» **TASK ITEM**: Gather all lines in the records below that include the word "close".

(Dataset records)
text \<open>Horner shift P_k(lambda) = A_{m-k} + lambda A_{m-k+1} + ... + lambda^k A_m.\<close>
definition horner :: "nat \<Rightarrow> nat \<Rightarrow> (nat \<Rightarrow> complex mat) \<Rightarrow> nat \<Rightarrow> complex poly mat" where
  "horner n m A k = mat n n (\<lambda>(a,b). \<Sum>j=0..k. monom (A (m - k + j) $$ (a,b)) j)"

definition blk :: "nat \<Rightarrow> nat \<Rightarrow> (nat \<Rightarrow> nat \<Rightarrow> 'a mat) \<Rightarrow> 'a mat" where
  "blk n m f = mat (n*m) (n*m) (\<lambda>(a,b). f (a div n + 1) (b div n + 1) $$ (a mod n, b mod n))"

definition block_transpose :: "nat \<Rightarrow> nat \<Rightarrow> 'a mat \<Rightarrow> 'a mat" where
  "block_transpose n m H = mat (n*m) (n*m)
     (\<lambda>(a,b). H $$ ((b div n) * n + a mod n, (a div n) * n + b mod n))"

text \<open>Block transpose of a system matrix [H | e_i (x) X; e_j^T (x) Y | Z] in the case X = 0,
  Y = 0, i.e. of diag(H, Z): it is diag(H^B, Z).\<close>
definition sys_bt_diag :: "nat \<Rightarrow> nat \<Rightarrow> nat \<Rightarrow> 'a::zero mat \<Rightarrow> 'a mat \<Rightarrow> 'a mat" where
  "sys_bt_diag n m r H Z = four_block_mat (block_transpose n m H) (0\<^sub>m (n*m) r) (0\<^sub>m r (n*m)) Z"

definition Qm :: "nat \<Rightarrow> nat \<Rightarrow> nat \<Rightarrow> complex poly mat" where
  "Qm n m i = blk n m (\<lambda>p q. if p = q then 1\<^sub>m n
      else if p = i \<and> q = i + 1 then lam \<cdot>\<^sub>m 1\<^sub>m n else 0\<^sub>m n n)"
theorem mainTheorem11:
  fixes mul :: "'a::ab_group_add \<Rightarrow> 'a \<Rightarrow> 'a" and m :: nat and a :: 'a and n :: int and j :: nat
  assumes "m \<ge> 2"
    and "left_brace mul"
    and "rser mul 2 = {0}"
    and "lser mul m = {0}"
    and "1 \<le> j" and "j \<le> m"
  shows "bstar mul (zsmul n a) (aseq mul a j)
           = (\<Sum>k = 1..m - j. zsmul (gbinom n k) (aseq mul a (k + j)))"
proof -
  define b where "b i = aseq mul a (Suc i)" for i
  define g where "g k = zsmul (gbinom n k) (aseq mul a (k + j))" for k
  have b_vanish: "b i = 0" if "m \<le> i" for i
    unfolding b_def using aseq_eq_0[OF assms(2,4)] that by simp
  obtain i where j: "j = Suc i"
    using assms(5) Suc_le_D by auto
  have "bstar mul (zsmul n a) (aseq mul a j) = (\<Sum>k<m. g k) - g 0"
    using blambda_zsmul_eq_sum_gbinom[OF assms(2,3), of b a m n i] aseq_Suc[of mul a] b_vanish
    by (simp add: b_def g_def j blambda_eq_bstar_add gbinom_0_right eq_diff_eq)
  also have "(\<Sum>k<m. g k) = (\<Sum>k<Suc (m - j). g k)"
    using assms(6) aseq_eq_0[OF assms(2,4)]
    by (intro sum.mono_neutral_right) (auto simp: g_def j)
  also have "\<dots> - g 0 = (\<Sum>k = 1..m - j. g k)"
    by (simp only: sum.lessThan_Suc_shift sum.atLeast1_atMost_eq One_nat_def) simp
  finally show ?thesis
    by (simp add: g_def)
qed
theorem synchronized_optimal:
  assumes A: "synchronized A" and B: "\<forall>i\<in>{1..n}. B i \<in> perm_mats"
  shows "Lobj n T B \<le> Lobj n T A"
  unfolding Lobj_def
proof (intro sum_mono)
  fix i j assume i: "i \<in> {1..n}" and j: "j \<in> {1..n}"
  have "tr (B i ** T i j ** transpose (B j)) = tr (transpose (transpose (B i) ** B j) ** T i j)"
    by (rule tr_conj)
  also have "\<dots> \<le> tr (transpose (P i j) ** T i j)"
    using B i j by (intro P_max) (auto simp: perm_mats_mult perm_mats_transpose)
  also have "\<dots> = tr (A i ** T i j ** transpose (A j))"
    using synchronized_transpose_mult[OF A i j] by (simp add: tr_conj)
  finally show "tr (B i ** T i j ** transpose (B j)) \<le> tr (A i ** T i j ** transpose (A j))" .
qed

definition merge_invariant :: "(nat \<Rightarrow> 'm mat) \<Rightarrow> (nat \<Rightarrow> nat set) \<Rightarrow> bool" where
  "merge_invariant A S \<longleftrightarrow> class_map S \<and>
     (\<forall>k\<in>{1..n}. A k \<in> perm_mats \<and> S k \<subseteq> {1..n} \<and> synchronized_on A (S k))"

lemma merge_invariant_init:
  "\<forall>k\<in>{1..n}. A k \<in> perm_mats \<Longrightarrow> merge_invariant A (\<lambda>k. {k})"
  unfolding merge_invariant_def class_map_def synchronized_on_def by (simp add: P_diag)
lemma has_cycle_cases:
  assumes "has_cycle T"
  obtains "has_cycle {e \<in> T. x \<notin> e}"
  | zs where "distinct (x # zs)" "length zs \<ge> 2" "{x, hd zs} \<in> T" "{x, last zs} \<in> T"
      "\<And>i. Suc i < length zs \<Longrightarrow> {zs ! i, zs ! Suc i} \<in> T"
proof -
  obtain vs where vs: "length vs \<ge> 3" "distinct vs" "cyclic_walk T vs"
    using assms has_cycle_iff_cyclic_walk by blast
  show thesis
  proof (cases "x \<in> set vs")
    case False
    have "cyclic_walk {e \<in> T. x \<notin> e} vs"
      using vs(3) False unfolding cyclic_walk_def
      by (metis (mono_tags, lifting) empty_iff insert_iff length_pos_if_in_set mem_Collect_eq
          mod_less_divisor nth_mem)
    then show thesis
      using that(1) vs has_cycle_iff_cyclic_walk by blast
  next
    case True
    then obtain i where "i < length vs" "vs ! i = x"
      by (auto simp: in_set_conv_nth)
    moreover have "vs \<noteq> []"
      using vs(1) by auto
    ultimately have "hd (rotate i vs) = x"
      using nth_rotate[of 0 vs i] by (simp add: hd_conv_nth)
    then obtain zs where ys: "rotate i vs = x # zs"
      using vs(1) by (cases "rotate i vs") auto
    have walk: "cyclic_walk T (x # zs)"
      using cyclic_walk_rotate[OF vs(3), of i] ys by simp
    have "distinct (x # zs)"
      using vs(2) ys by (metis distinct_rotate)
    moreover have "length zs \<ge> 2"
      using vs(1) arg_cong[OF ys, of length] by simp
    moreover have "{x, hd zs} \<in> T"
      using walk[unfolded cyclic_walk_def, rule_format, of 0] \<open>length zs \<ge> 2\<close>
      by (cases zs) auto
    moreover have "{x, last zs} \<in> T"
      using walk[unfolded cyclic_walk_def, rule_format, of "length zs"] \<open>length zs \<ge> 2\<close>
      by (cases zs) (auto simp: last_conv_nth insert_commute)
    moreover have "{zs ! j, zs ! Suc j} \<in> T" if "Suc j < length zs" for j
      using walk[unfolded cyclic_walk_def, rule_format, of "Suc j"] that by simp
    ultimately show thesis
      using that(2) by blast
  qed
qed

» **EXERCISE ANSWER**:
text \<open>Horner shift P_k(lambda) = A_{m-k} + lambda A_{m-k+1} + ... + lambda^k A_m.\<close>
  Y = 0, i.e. of diag(H, Z): it is diag(H^B, Z).\<close>
      using walk[unfolded cyclic_walk_def, rule_format, of 0] \<open>length zs \<ge> 2\<close>
      using walk[unfolded cyclic_walk_def, rule_format, of "length zs"] \<open>length zs \<ge> 2\<close>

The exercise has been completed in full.